Where to catch a trophy this winter

Every bass angler on the planet want’s a trophy-sized black bass. But wanting and getting are two different things. First you have to find the right place, and then you have to fish it correctly.

The three best places, in my opinion, are Texas, California and Florida. I’ve fished all three and I have immense respect for all three. All things considered, however, the one I most often recommend is Florida.

I’ll be the first to admit that in recent years Florida’s reputation as a big bass factory has suffered. I’m not sure why. It doesn’t make sense to me. It’s been 10 years since the last hurricane or seriously cold weather has hit down there. That’s a long time in a subtropical environment. And, the state is working hard on their trophy bass program.

Simple geography also factors into my recommendation. If you live in the Northeast or Midwest, Florida is only a day’s drive away. Get a couple of your buddies together and you’ll be there before you know it.

The most important thing, though, is that the fishing is great. Don’t let anyone tell you differently. Florida has a solid population of 10-pounders and it’s full of 3-, 4- and 5-pounders. But they don’t jump in the boat. Or, to put it more bluntly, a lot of guys struggle in the Sunshine State.

The thing that gets most anglers is that the water’s shallow and most of the bass fishing is weed oriented. The shallow part is an advantage. Most of us are better anglers in shallow water and, because of that, we like to fish shallow.

The weeds are another matter. In many of the lakes down there it’s difficult, or impossible, to get up against the shoreline. You’re fishing out in the middle of the lake. You can still catch them, however, if you use basic shoreline principles. Think about edges and changes, and fish anything you see that looks different.

There’s a wide variety of artificial lures that’ll work in Florida waters. Plastics, topwater plugs, vibrating jigs, lipless crankbaits and kicker-type frogs all have their place. (For some reason hollow body frogs don’t seem to be as effective as they are in other parts of the country, so I didn’t include them in my list.)

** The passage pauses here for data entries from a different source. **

(* Let $\mathcal{F}$ be a representable flag matroid on $[n]$. Then the associated polymatroid $\mathcal{M}(\mathcal{F})$ is a representable polymatroid.
   Context: For a $k$-dimensional subspace $V\subseteq\mathbb{C}^n$, choose a $k\times n$ matrix whose rows span $V$; the matroid $M_V$ on $[n]$ has as bases the $k$-subsets of columns with nonzero maximal minor. A flag matroid of rank $\mathbf{k}=(k_1\le\dots\le k_s)$ on $[n]$ is a collection of set-theoretic flags $F^1\subseteq\dots\subseteq F^s$ with $|F^i|=k_i$; it is representable if there is a flag of subspaces $V_1\subseteq\dots\subseteq V_s\subsetneq\mathbb{C}^n$, $\dim V_i=k_i$, such that $\mathcal{F}$ consists exactly of the flags $B_1\subseteq\dots\subseteq B_s$ with each $B_i$ a basis of $M_{V_i}$. The base polytope of $\mathcal{F}$ is $P(\mathcal{F})=\mathrm{conv}\{\sum_i\mathbf{e}_{F^i}:F\in\mathcal{F}\}$, with $\mathbf{e}_B$ the indicator vector of $B$. A polymatroid on $E$ is given by a rank function $r:\mathcal{P}(E)\to\mathbb{Z}_{\ge0}$, $r(\emptyset)=0$, monotone and submodular; its base polytope is $\{x\in\mathbb{R}^E_{\ge0}:x\cdot\mathbf{e}_U\le r(U)\ \forall U,\ x\cdot\mathbf{e}_E=r(E)\}$, and a polymatroid is determined by its base polytope. The polytope $P(\mathcal{F})$ is the base polytope of a polymatroid; this polymatroid is denoted $\mathcal{M}(\mathcal{F})$. A polymatroid on $E$ is representable if there is a vector space $V$ and a map $\phi$ from $E$ to the set of subspaces of $V$ such that $r(A)=\dim\sum_{a\in A}\phi(a)$ for all $A\subseteq E$. *)

theory Defs
  imports "HOL-Analysis.Analysis" "HOL-Library.Function_Algebras"
begin

text \<open>The ground set [n] is the finite type 'n (i.e. UNIV :: 'n set); C^n is complex ^ 'n.\<close>

definition det_nat :: "nat \<Rightarrow> (nat \<Rightarrow> nat \<Rightarrow> complex) \<Rightarrow> complex" where
  "det_nat k M = (\<Sum>p\<in>{p. p permutes {..<k}}. of_int (sign p) * (\<Prod>i<k. M i (p i)))"

text \<open>B is a basis of the matroid M_V: for a k x n matrix whose rows a 0, ..., a (k-1) span V
  (k = dim V), the maximal minor on the columns B (listed via a bijection e) is nonzero.\<close>
definition MV_basis :: "(complex ^ 'n) set \<Rightarrow> 'n set \<Rightarrow> bool" where
  "MV_basis V B \<longleftrightarrow>
     (let k = vec.dim V in
      \<exists>(a :: nat \<Rightarrow> complex ^ 'n) (e :: nat \<Rightarrow> 'n).
         vec.span (a ` {..<k}) = V \<and> bij_betw e {..<k} B \<and>
         det_nat k (\<lambda>i j. a i $ e j) \<noteq> 0)"

text \<open>A flag matroid of rank ks = (k_1 \<le> ... \<le> k_s) is a set of set-theoretic flags, each
  given as a list of subsets of [n] of length s.\<close>
definition representable_flag_matroid :: "nat list \<Rightarrow> ('n::finite set list) set \<Rightarrow> bool" where
  "representable_flag_matroid ks FF \<longleftrightarrow>
     sorted ks \<and>
     (\<exists>Vs :: (complex ^ 'n) set list.
        length Vs = length ks \<and>
        (\<forall>i<length Vs. vec.subspace (Vs ! i) \<and> vec.dim (Vs ! i) = ks ! i \<and> Vs ! i \<noteq> UNIV) \<and>
        (\<forall>i. Suc i < length Vs \<longrightarrow> Vs ! i \<subseteq> Vs ! Suc i) \<and>
        FF = {Bs. length Bs = length ks \<and>
                  (\<forall>i. Suc i < length Bs \<longrightarrow> Bs ! i \<subseteq> Bs ! Suc i) \<and>
                  (\<forall>i<length Bs. MV_basis (Vs ! i) (Bs ! i))})"

definition indic_vec :: "'n::finite set \<Rightarrow> real ^ 'n" where
  "indic_vec B = (\<chi> i. if i \<in> B then 1 else 0)"

definition flag_base_polytope :: "('n::finite set list) set \<Rightarrow> (real ^ 'n) set" where
  "flag_base_polytope FF = convex hull {sum_list (map indic_vec F) | F. F \<in> FF}"

definition polymatroid :: "('n::finite set \<Rightarrow> nat) \<Rightarrow> bool" where
  "polymatroid r \<longleftrightarrow> r {} = 0 \<and> (\<forall>A B. A \<subseteq> B \<longrightarrow> r A \<le> r B) \<and>
     (\<forall>A B. r (A \<union> B) + r (A \<inter> B) \<le> r A + r B)"

definition polymatroid_base_polytope :: "('n::finite set \<Rightarrow> nat) \<Rightarrow> (real ^ 'n) set" where
  "polymatroid_base_polytope r =
     {x. (\<forall>i. x $ i \<ge> 0) \<and> (\<forall>U. x \<bullet> indic_vec U \<le> real (r U)) \<and>
         x \<bullet> indic_vec UNIV = real (r UNIV)}"

text \<open>Representing vector space: complex vector space nat \<Rightarrow> complex (pointwise operations);
  every finite-dimensional complex vector space embeds into it.\<close>
definition fscale :: "complex \<Rightarrow> (nat \<Rightarrow> complex) \<Rightarrow> (nat \<Rightarrow> complex)" where
  "fscale c f = (\<lambda>i. c * f i)"

interpretation fvec: vector_space fscale
  by unfold_locales (auto simp: fscale_def fun_eq_iff algebra_simps)

definition representable_polymatroid :: "('n::finite set \<Rightarrow> nat) \<Rightarrow> bool" where
  "representable_polymatroid r \<longleftrightarrow>
     (\<exists>\<phi> :: 'n \<Rightarrow> (nat \<Rightarrow> complex) set.
        (\<forall>a. fvec.subspace (\<phi> a) \<and> (\<exists>S. finite S \<and> \<phi> a = fvec.span S)) \<and>
        (\<forall>A. r A = fvec.dim (fvec.span (\<Union>a\<in>A. \<phi> a))))"

end

(* For a flag V_1 <= ... <= V_s of subspaces, the rank function of M(F) is
   U |-> sum_i (dim V_i - dim (V_i \<inter> {x. x_U = 0})), the sum of the rank functions of the
   matroids M_{V_i}.  Indeed, for an injective order f with U as initial segment, the functional
   x |-> x . e_U is maximised over the flag polytope by the flag of f-lexicographically first bases,
   with this value, and over the polymatroid base polytope by Edmonds' greedy vertex, with value r U;
   equality of the polytopes gives equality of the ranks.  The rank function of M_V is represented
   by the columns of any matrix whose rows span V, and a sum of representable polymatroids is
   represented by direct sums of the representing subspaces, realised inside nat => complex by
   interleaving even and odd coordinates. *)

theory Submission
  imports Defs "Jordan_Normal_Form.Determinant"
begin

lemma det_nat_neq_0_iff:
  "det_nat k M \<noteq> 0 \<longleftrightarrow> (\<forall>d. (\<forall>j<k. (\<Sum>i<k. M i j * d i) = 0) \<longrightarrow> (\<forall>i<k. d i = 0))"
proof -
  define A where "A = transpose_mat (Matrix.mat k k (\<lambda>(i, j). M i j))"
  have A: "A \<in> carrier_mat k k" unfolding A_def by simp
  have det: "det_nat k M = Determinant.det A"
    unfolding A_def
    by (subst det_transpose[of _ k]) (simp_all add: det_nat_def Determinant.det_def lessThan_atLeast0)
  have mult: "A *\<^sub>v Matrix.vec k d = Matrix.vec k (\<lambda>j. \<Sum>i<k. M i j * d i)" for d
    by (rule eq_vecI) (auto simp: A_def scalar_prod_def lessThan_atLeast0 intro!: sum.cong)
  have zero: "Matrix.vec k d = 0\<^sub>v k \<longleftrightarrow> (\<forall>i<k. d i = 0)" for d :: "nat \<Rightarrow> complex"
    by (auto simp: Matrix.vec_eq_iff)
  have "Determinant.det A = 0 \<longleftrightarrow>
      (\<exists>d. Matrix.vec k d \<noteq> 0\<^sub>v k \<and> A *\<^sub>v Matrix.vec k d = 0\<^sub>v k)"
    unfolding det_0_iff_vec_prod_zero_field[OF A]
  proof safe
    fix v assume "v \<in> carrier_vec k" "v \<noteq> 0\<^sub>v k" "A *\<^sub>v v = 0\<^sub>v k"
    moreover have "v = Matrix.vec k (vec_index v)"
      using \<open>v \<in> carrier_vec k\<close> by (auto simp: Matrix.vec_eq_iff)
    ultimately show "\<exists>d. Matrix.vec k d \<noteq> 0\<^sub>v k \<and> A *\<^sub>v Matrix.vec k d = 0\<^sub>v k"
      by metis
  qed (blast intro: vec_carrier)
  then show ?thesis
    unfolding det mult zero by blast
qed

Of all the lures I mentioned, plastics are your best overall choice. You need something that’ll work through very heavy vegetation without hanging up. A Texas rigged plastic bait is as good as it gets at that. Florida fishing isn’t about dragging a jig through wood without snagging. That’s not what Florida vegetation is all about.

If you go on top, and a lot of anglers do, start with a propbait. For some reason propbaits are especially effective down there.

You have the possibility of catching a trophy (10 pounds or better) on any cast, with any lure and in any lake, but I’d say the majority of the really big bass fall for a wild shiner. Shiner fishing, or any live bait fishing for that matter, isn’t as easy as it looks. It’s very much a skill. If you don’t know what you’re doing, get some help before you spend a lot of money and waste a lot of valuable fishing time.

Some of the places I would recommend you fish are the Kissimmee Chain, the Butler Chain, the St. Johns River and the Stick Marsh. They’ll all produce, and so will the catch and release lakes Florida is managing. They’re scattered around the state. You can find one near where you’re staying through the Florida Fish and Wildlife Conservation Commission.

The final thing I want to mention is Florida’s feared cold fronts. I know you hear all the time that Florida strain bass won’t bite during a cold front. That’s nonsense. They will bite. They have to eat. Just approach them differently — deadstick a plastic stickbait, wacky worm or rig up a heavy weight and punch the heaviest vegetation you can find.

With cold fronts in mind you’ll still want to take warm clothes along. Long underwear, bibs and a jacket as well as a warm pair of gloves are worth their weight in gold when it turns cold.

I’m not saying Florida is perfect. It isn’t. But it is a great place to go in the winter if you’re from the snow country. Besides, you can always combine a fishing trip with a family vacation. Spend half you’re time on the water and the other half at Disney.